I'm not quite sure where I sit with the matter but I will tell you that my perfect Valentine's day will be spent with my cute husband, eating take out Chinese food on the couch while watching a movie we rented. 


Oh and homemade chocolate shakes for dessert. yum 


So celebrate how you see fit, but rather than get caught up in who "invented" valentine's day...


remember who first loved you. 


We love because he first loved us.
1 John 4:19

2.07.2011

Where I've spent my days (lately)


So be prepared for a mess of jumbled photos and thoughts.

I have the afternoon off so get ready.

Coffee...check.

Photos uploaded....check.

Sunshine streaming in from my window....check.


1.
On Friday I drove to St.Paul to meet with my sister to pick up her dress.

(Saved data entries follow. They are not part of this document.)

(* Let $S_d$, $d\ge1$, be nonnegative random variables such that for some positive $\mu,q,C$, $$M_d(t):=E[e^{tS_d}]\le\frac{C}{(1-\mu t/q)^{qd}}\quad\text{for all }t\le0.$$ Then for every $m\ge1$ and $d\ge 2m/q$, $E[(d/S_d)^m]\le C_{\mu,m}$, where $C_{\mu,m}=C(2/\mu)^m$ depends only on $\mu,m$ (and $C$). Moreover, if $S_d=\sum_{i=1}^dV_i$ with $V_1,\dots,V_d$ nonnegative and negatively associated, and each $V_i$ satisfies $E[e^{tV_i}]\le(1-\mu t/q)^{-q}$ for all $t\le0$, then for every $m\ge1$ and $d\ge2m/q$, $E[(d/S_d)^m]\le(2/\mu)^m$.
   Context: Random variables $V_1,\dots,V_d$ are negatively associated if for all disjoint $A,B\subset\{1,\dots,d\}$, $\mathrm{Cov}(f(V_i,i\in A),g(V_i,i\in B))\le0$ whenever $f,g$ are both non-decreasing or both non-increasing. *)

theory Defs
  imports "HOL-Probability.Probability"
begin

definition neg_assoc :: "'a measure \<Rightarrow> (nat \<Rightarrow> 'a \<Rightarrow> real) \<Rightarrow> nat set \<Rightarrow> bool" where
  "neg_assoc M V I \<longleftrightarrow>
     (\<forall>i\<in>I. V i \<in> borel_measurable M) \<and>
     (\<forall>A B (f :: (nat \<Rightarrow> real) \<Rightarrow> real) (g :: (nat \<Rightarrow> real) \<Rightarrow> real). A \<subseteq> I \<longrightarrow> B \<subseteq> I \<longrightarrow> A \<inter> B = {} \<longrightarrow>
        f \<in> borel_measurable (Pi\<^sub>M A (\<lambda>_. borel)) \<longrightarrow>
        g \<in> borel_measurable (Pi\<^sub>M B (\<lambda>_. borel)) \<longrightarrow>
        ((\<forall>u\<in>space (Pi\<^sub>M A (\<lambda>_. borel)). \<forall>v\<in>space (Pi\<^sub>M A (\<lambda>_. borel)). u \<le> v \<longrightarrow> f u \<le> f v) \<and>
         (\<forall>u\<in>space (Pi\<^sub>M B (\<lambda>_. borel)). \<forall>v\<in>space (Pi\<^sub>M B (\<lambda>_. borel)). u \<le> v \<longrightarrow> g u \<le> g v) \<or>
         (\<forall>u\<in>space (Pi\<^sub>M A (\<lambda>_. borel)). \<forall>v\<in>space (Pi\<^sub>M A (\<lambda>_. borel)). u \<le> v \<longrightarrow> f v \<le> f u) \<and>
         (\<forall>u\<in>space (Pi\<^sub>M B (\<lambda>_. borel)). \<forall>v\<in>space (Pi\<^sub>M B (\<lambda>_. borel)). u \<le> v \<longrightarrow> g v \<le> g u)) \<longrightarrow>
        integrable M (\<lambda>x. f (restrict (\<lambda>i. V i x) A)) \<longrightarrow>
        integrable M (\<lambda>x. g (restrict (\<lambda>i. V i x) B)) \<longrightarrow>
        integrable M (\<lambda>x. f (restrict (\<lambda>i. V i x) A) * g (restrict (\<lambda>i. V i x) B)) \<longrightarrow>
        (\<integral>x. f (restrict (\<lambda>i. V i x) A) * g (restrict (\<lambda>i. V i x) B) \<partial>M)
          - (\<integral>x. f (restrict (\<lambda>i. V i x) A) \<partial>M) * (\<integral>x. g (restrict (\<lambda>i. V i x) B) \<partial>M) \<le> 0)"

end

theory Submission
  imports Defs
begin

(*
  For s > 0 the Gamma integral gives s^(-m) = Gamma(m)^(-1) * int_0^oo t^(m-1) exp(-s t) dt, so by
  Tonelli E[S^(-m)] <= Gamma(m)^(-1) * int_0^oo t^(m-1) E[exp(-t S)] dt. Inserting the bound on the
  Laplace transform turns the right-hand side into a Beta-prime integral, equal to
  C (q/mu)^m B(m, qd - m) / Gamma(m), and log-convexity of Gamma gives
  (qd)^m B(m, qd - m) <= 2^m Gamma(m) as soon as qd >= 2m.

  For the second statement, negative association applied to the non-increasing functions
  exp(t sum_(j in A) v_j) and exp(t v_i) shows inductively that the Laplace transform of a sum is
  at most the product of the individual ones, so S_d satisfies the hypothesis of the first
  statement with C = 1.
*)

definition gamma_kernel :: "real \<Rightarrow> real \<Rightarrow> real \<Rightarrow> real" where
  "gamma_kernel r s t = indicator {0<..} t * t powr (r - 1) * exp (- (s * t))"

lemma borel_measurable_gamma_kernel [measurable (raw)]:
  assumes [measurable]: "f \<in> borel_measurable M" "g \<in> borel_measurable M"
  shows "(\<lambda>x. gamma_kernel r (f x) (g x)) \<in> borel_measurable M"
  unfolding gamma_kernel_def by measurable

lemma gamma_kernel_nonneg: "gamma_kernel r s t \<ge> 0"
  by (simp add: gamma_kernel_def)

lemma nn_integral_gamma_kernel:
  fixes r s :: real
  assumes r: "r > 0" and s: "s > 0"
  shows "(\<integral>\<^sup>+t. ennreal (gamma_kernel r s t) \<partial>lborel) = ennreal (Gamma r / s powr r)"
proof -
  have "ennreal (Gamma r) = (\<integral>\<^sup>+t. ennreal (gamma_kernel r 1 t) \<partial>lborel)"
    unfolding Gamma_conv_nn_integral_real[OF r] gamma_kernel_def
    by (intro nn_integral_cong) (auto simp: indicator_def exp_minus field_simps)
  also have "\<dots> = ennreal s * (\<integral>\<^sup>+t. ennreal (gamma_kernel r 1 (s * t)) \<partial>lborel)"
    using nn_integral_real_affine[of "\<lambda>t. ennreal (gamma_kernel r 1 t)" s 0] s
    by (simp add: gamma_kernel_def)
  also have "(\<integral>\<^sup>+t. ennreal (gamma_kernel r 1 (s * t)) \<partial>lborel)
           = (\<integral>\<^sup>+t. ennreal (s powr (r - 1)) * ennreal (gamma_kernel r s t) \<partial>lborel)"
    unfolding gamma_kernel_def using s
    by (intro nn_integral_cong) (auto simp: indicator_def powr_mult ennreal_mult'[symmetric] zero_less_mult_iff)
  also have "\<dots> = ennreal (s powr (r - 1)) * (\<integral>\<^sup>+t. ennreal (gamma_kernel r s t) \<partial>lborel)"
    by (rule nn_integral_cmult) measurable
  finally have "ennreal (Gamma r) = ennreal (s powr r) * (\<integral>\<^sup>+t. ennreal (gamma_kernel r s t) \<partial>lborel)"
    using s by (simp add: mult.assoc[symmetric] ennreal_mult[symmetric] powr_mult_base)
  then have "ennreal (1 / s powr r) * ennreal (Gamma r) = (\<integral>\<^sup>+t. ennreal (gamma_kernel r s t) \<partial>lborel)"
    using s by (simp add: mult.assoc[symmetric] ennreal_mult[symmetric])
  then show ?thesis
    using s Gamma_real_pos[OF r] by (simp add: ennreal_mult[symmetric])
qed

lemma gamma_kernel_divide_powr: "gamma_kernel n s u / u powr m = gamma_kernel (n - m) s u"
  by (cases "u > 0") (simp_all add: gamma_kernel_def powr_diff)

lemma gamma_kernel_swap:
  "indicator {0<..} t * t powr (m - 1) * gamma_kernel n (1 + a * t) u
     = gamma_kernel n 1 u * gamma_kernel m (a * u) t"
  by (simp add: gamma_kernel_def exp_add[symmetric] algebra_simps)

I can't show any pictures of her gorgeous dress but trust me it is perfect. There are a few photos of some details in the bridal shop though.













2.
Later that evening Ben and I headed over to our friend Bekah's new apartment to help her with the moving process. Zach and Ellie joined us later in the afternoon and to celebrate our moving success we went downtown to get some dinner at Ike's. After some delicious chocolate shakes, and amazing burgers we walked back to our car while appreciating the lack of wind in the city. 

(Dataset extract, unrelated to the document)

(* Let $(W,S)$ be a Coxeter group with Coxeter matrix $(m_{s,s'})_{(s,s')\in S\times S}$, and let $w\in W$. Let $C$ be a directed cycle in the edge-colored directed graph $\mathcal{R}(w)$. Let $c=[(s,t)]\in\mathfrak{M}/\sim$ be an equivalence class, and let $c^{\mathrm{op}}=[(t,s)]\in\mathfrak{M}/\sim$. Then: (a) The number of arcs colored $c$ appearing in $C$ equals the number of arcs colored $c^{\mathrm{op}}$ appearing in $C$. (b) The number of arcs whose color belongs to $\{c,c^{\mathrm{op}}\}$ appearing in $C$ is even.
   Context: A Coxeter group is a pair $(W,S)$ where $W$ is a group and $S$ a finite subset of $W$ such that there is a matrix $(m_{s,s'})\in\{1,2,3,\ldots,\infty\}^{S\times S}$ with $m_{s,s}=1$, $m_{s,t}=m_{t,s}\geq 2$ for distinct $s,t$, and $W$ is presented by generators $S$ and relations $(st)^{m_{s,t}}=1$ for all $(s,t)$ with $m_{s,t}\neq\infty$ (this is the Coxeter matrix; $m_{s,t}$ is the order of $st$). Let $\mathfrak{M}=\{(s,t)\in S\times S : s\neq t,\ m_{s,t}<\infty\}$. Define the equivalence relation $\sim$ on $\mathfrak{M}$ by $(s,t)\sim(s',t')$ iff there is $q\in W$ with $qsq^{-1}=s'$ and $qtq^{-1}=t'$; $[P]$ denotes the class of $P\in\mathfrak{M}$. A reduced expression for $w\in W$ is a tuple $(a_1,\ldots,a_k)$ of elements of $S$ with $w=a_1\cdots a_k$ and $k$ minimal. A factor of a word $(a_1,\ldots,a_k)$ is a contiguous subword $(a_{i+1},\ldots,a_{i+m})$. For $(s,t)\in\mathfrak{M}$ and reduced expressions $\vec a,\vec b$ of $w$, $\vec b$ is obtained from $\vec a$ by an $(s,t)$-braid move if $\vec b$ arises from $\vec a$ by replacing a factor of the form $(s,t,s,t,\ldots)$ ($m_{s,t}$ entries) by $(t,s,t,s,\ldots)$ ($m_{s,t}$ entries). The graph $\mathcal{R}(w)$ has as vertices the reduced expressions of $w$, and for every $(s,t)\in\mathfrak{M}$ and reduced expressions $\vec a,\vec b$ of $w$ such that $\vec b$ is obtained from $\vec a$ by an $(s,t)$-braid move, an arc from $\vec a$ to $\vec b$ colored $[(s,t)]$. *)

theory Defs
  imports "HOL-Algebra.Group" "HOL-Library.Extended_Nat"
begin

(note: this was what Ben and Zach got...my burger was a little less intimidating)

3.
Saturday was spent bumming around the cities again and a few hours spent in IKEA. It's a good thing that this place is 4 hours away from where I am currently living because it's a dangerous place when on a budget. I was proud of myself however because I only purchased the few small items that I knew I needed to get before even entering the store. (no impulse buys = a successful IKEA trip haha). Bekah however had to make some tougher decisions because she was looking for a kitchen table, chairs, bookcase, etc. 

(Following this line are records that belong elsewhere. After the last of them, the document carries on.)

lemma Jfun_eq_mobius_product:
  fixes P :: "'b::order set" and m :: "'b \<Rightarrow> 'b \<Rightarrow> int"
  assumes "finite P"
    and down: "\<And>x y. x \<in> P \<Longrightarrow> y \<in> P \<Longrightarrow> x \<le> y \<Longrightarrow>
      (\<Sum>a\<in>{a \<in> P. x \<le> a \<and> a \<le> y}. m a y) = (if x = y then 1 else 0)"
    and up: "\<And>y z. y \<in> P \<Longrightarrow> z \<in> P \<Longrightarrow> y \<le> z \<Longrightarrow>
      (\<Sum>b\<in>{b \<in> P. y \<le> b \<and> b \<le> z}. m y b) = (if y = z then 1 else 0)"
  shows "Jfun P (\<le>) = (\<lambda>x y z. if (x, y, z) \<in> chains3 P (\<le>) then m x y * m y z else 0)"
    (is "_ = ?J")
proof -
  have "is_J P (\<le>) ?J"
    unfolding is_J_def
  proof (intro conjI allI impI)
    fix x y z
    assume chain: "(x, y, z) \<in> chains3 P (\<le>)"
    have range: "{(a, b). a \<in> P \<and> b \<in> P \<and> x \<le> a \<and> a \<le> y \<and> y \<le> b \<and> b \<le> z}
        = {a \<in> P. x \<le> a \<and> a \<le> y} \<times> {b \<in> P. y \<le> b \<and> b \<le> z}"
      by auto
    have "(\<Sum>(a, b)\<in>{a \<in> P. x \<le> a \<and> a \<le> y} \<times> {b \<in> P. y \<le> b \<and> b \<le> z}. ?J a y b)
        = (\<Sum>(a, b)\<in>{a \<in> P. x \<le> a \<and> a \<le> y} \<times> {b \<in> P. y \<le> b \<and> b \<le> z}. m a y * m y b)"
      using chain by (intro sum.cong) (auto simp: chains3_def)
    also have "\<dots> = (\<Sum>a\<in>{a \<in> P. x \<le> a \<and> a \<le> y}. m a y)
        * (\<Sum>b\<in>{b \<in> P. y \<le> b \<and> b \<le> z}. m y b)"
      by (simp add: sum_product sum.cartesian_product)
    also have "\<dots> = delta3 x y z"
      using chain down up by (auto simp: chains3_def delta3_def)
    finally show "(\<Sum>(a, b)\<in>{(a, b). a \<in> P \<and> b \<in> P \<and> x \<le> a \<and> a \<le> y \<and> y \<le> b \<and> b \<le> z}. ?J a y b)
        = delta3 x y z"
      unfolding range .
  qed simp
  moreover from this have "is_J P (\<le>) f \<Longrightarrow> f = ?J" for f
    using is_J_unique[OF assms(1)] by blast
  ultimately show ?thesis
    unfolding Jfun_def by (rule the_equality)
qed

lemma Mpoly_eq_sum_rank_triples:
  assumes "finite P" "finite T"
    and ranks: "\<And>x y z. (x, y, z) \<in> chains3 P le \<Longrightarrow> (rk x, rk y, rk z) \<in> T"
    and J: "\<And>x y z. (x, y, z) \<in> chains3 P le \<Longrightarrow> Jfun P le x y z = h (rk x) (rk y) (rk z)"
  shows "Mpoly P le rk = (\<Sum>(i, j, k)\<in>T.
      monom (of_nat (card {(x, y, z) \<in> chains3 P le. rk x = i \<and> rk y = j \<and> rk z = k}) * of_int (h i j k))
        (3 * poset_rank P rk - i - j - k))"
proof -
  define rks where "rks = (\<lambda>(x, y, z). (rk x, rk y, rk z))"
  define F where "F = (\<lambda>(i, j, k). monom (of_int (h i j k) :: rat) (3 * poset_rank P rk - i - j - k))"
  have fin: "finite (chains3 P le)"
    by (rule finite_subset[of _ "P \<times> P \<times> P"]) (auto simp: chains3_def assms(1))
  have "Mpoly P le rk = (\<Sum>c\<in>chains3 P le. F (rks c))"
    unfolding Mpoly_def by (intro sum.cong) (auto simp: F_def rks_def rho_def J)
  also have "\<dots> = (\<Sum>t\<in>T. \<Sum>c\<in>{c \<in> chains3 P le. rks c = t}. F (rks c))"
    by (rule sum.group[symmetric, OF fin assms(2)]) (auto simp: rks_def ranks)
  also have "\<dots> = (\<Sum>t\<in>T. of_nat (card {c \<in> chains3 P le. rks c = t}) * F t)"
    by (intro sum.cong refl) (simp add: sum.cong[of _ _ "\<lambda>c. F (rks c)" "\<lambda>_. F t"])
  also have "\<dots> = (\<Sum>(i, j, k)\<in>T.
      monom (of_nat (card {(x, y, z) \<in> chains3 P le. rk x = i \<and> rk y = j \<and> rk z = k}) * of_int (h i j k))
        (3 * poset_rank P rk - i - j - k))"
  proof (rule sum.cong[OF refl], clarify)
    fix i j k
    have "{c \<in> chains3 P le. rks c = (i, j, k)} = {(x, y, z) \<in> chains3 P le. rk x = i \<and> rk y = j \<and> rk z = k}"
      by (auto simp: rks_def)
    then show "of_nat (card {c \<in> chains3 P le. rks c = (i, j, k)}) * F (i, j, k)
        = monom (of_nat (card {(x, y, z) \<in> chains3 P le. rk x = i \<and> rk y = j \<and> rk z = k}) * of_int (h i j k))
            (3 * poset_rank P rk - i - j - k)"
      by (simp add: F_def of_nat_mult_conv_smult smult_monom)
  qed
  finally show ?thesis .
qed

section \<open>The subspace lattice\<close>

interpretation VS: finite_field_vector_space "vscale :: 'a::{finite,field} \<Rightarrow> (nat \<Rightarrow> 'a) \<Rightarrow> (nat \<Rightarrow> 'a)"
  by unfold_locales (auto simp: vscale_def fun_eq_iff algebra_simps)

lemma bij_betw_Fn_lists: "bij_betw (\<lambda>v. map v [0..<n]) (Fn n) {xs. set xs \<subseteq> UNIV \<and> length xs = n}"
proof (rule bij_betwI')
  fix v w :: "nat \<Rightarrow> 'a::field"
  assume "v \<in> Fn n" "w \<in> Fn n"
  then show "(map v [0..<n] = map w [0..<n]) = (v = w)"
    by (auto simp: Fn_def fun_eq_iff map_eq_conv)
next
  fix xs :: "'a list"
  assume "xs \<in> {xs. set xs \<subseteq> UNIV \<and> length xs = n}"
  then show "\<exists>v\<in>Fn n. xs = map v [0..<n]"
    by (intro bexI[of _ "\<lambda>i. if i < n then xs ! i else 0"]) (auto simp: Fn_def intro: nth_equalityI)
qed simp

lemma finite_Fn: "finite (Fn n :: (nat \<Rightarrow> 'a::{finite,field}) set)"
  using bij_betw_finite[OF bij_betw_Fn_lists[where 'a='a]] finite_lists_length_eq[of "UNIV :: 'a set" n] by simp

lemma card_Fn: "card (Fn n :: (nat \<Rightarrow> 'a::{finite,field}) set) = CARD('a) ^ n"
  using bij_betw_same_card[OF bij_betw_Fn_lists[where 'a='a]] card_lists_length_eq[of "UNIV :: 'a set" n] by simp

lemma subspace_Fn: "VS.subspace (Fn n)"
  unfolding VS.subspace_def Fn_def by (auto simp: vscale_def)

lemma sdim_Fn: "sdim (Fn n :: (nat \<Rightarrow> 'a::{finite,field}) set) = n"
  unfolding sdim_def using VS.dim_eq_iff_card[OF subspace_Fn finite_Fn] card_Fn by blast

lemma finite_subspace_lattice_member:
  "W \<in> (subspace_lattice n :: (nat \<Rightarrow> 'a::{finite,field}) set set) \<Longrightarrow> finite W"
  unfolding subspace_lattice_def using finite_subset finite_Fn by blast

lemma finite_subspace_lattice: "finite (subspace_lattice n :: (nat \<Rightarrow> 'a::{finite,field}) set set)"
  by (rule finite_subset[of _ "Pow (Fn n)"]) (auto simp: subspace_lattice_def finite_Fn)

lemma interval_subspace_lattice:
  "y \<in> subspace_lattice n \<Longrightarrow>
    {a \<in> subspace_lattice n. x \<subseteq> a \<and> a \<subseteq> y} = {a. VS.subspace a \<and> x \<subseteq> a \<and> a \<subseteq> y}"
  by (auto simp: subspace_lattice_def)

lemma sdim_mono:
  fixes x y :: "(nat \<Rightarrow> 'a::{finite,field}) set"
  assumes "x \<in> subspace_lattice n" "y \<in> subspace_lattice n" "x \<subseteq> y"
  shows "sdim x \<le> sdim y"
  using VS.dim_le_of_subset[of x y] assms finite_subspace_lattice_member[OF assms(2)]
  by (simp add: subspace_lattice_def sdim_def)

lemma Fn_in_subspace_lattice: "(Fn n :: (nat \<Rightarrow> 'a::{finite,field}) set) \<in> subspace_lattice n"
  by (simp add: subspace_lattice_def subspace_Fn)

lemma sdim_le:
  assumes "x \<in> (subspace_lattice n :: (nat \<Rightarrow> 'a::{finite,field}) set set)"
  shows "sdim x \<le> n"
proof -
  have "x \<subseteq> Fn n"
    using assms by (simp add: subspace_lattice_def)
  then show ?thesis
    using sdim_mono[OF assms Fn_in_subspace_lattice] sdim_Fn[where 'a='a] by simp
qed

We ended our weekend with a little furniture assembly party that included Bob the bird singing in the background (Bekah was bird sitting for a week). On Sunday we had a late breakfast and then said our goodbyes and began the long drive back to the tundra.


2.03.2011

Thoughts.


Currently I am...

sipping on my second or maybe third cup of coffee.

reading and unable to stop.

trying to motivate myself to begin packing for the weekend.

ignoring that the dishwasher needs to be unloaded.

ignoring the fact that there is clothing in the dryer that needs to be put away before it wrinkles.

waiting for 12:00 to check for substitute jobs for next week.

enjoying the winter sunshine through our windows.

missing my husband who is at work right now.

making plans in my head for my sister's wedding shower next weekend.

2.01.2011

Someday...

I want to have a mostly white kitchen.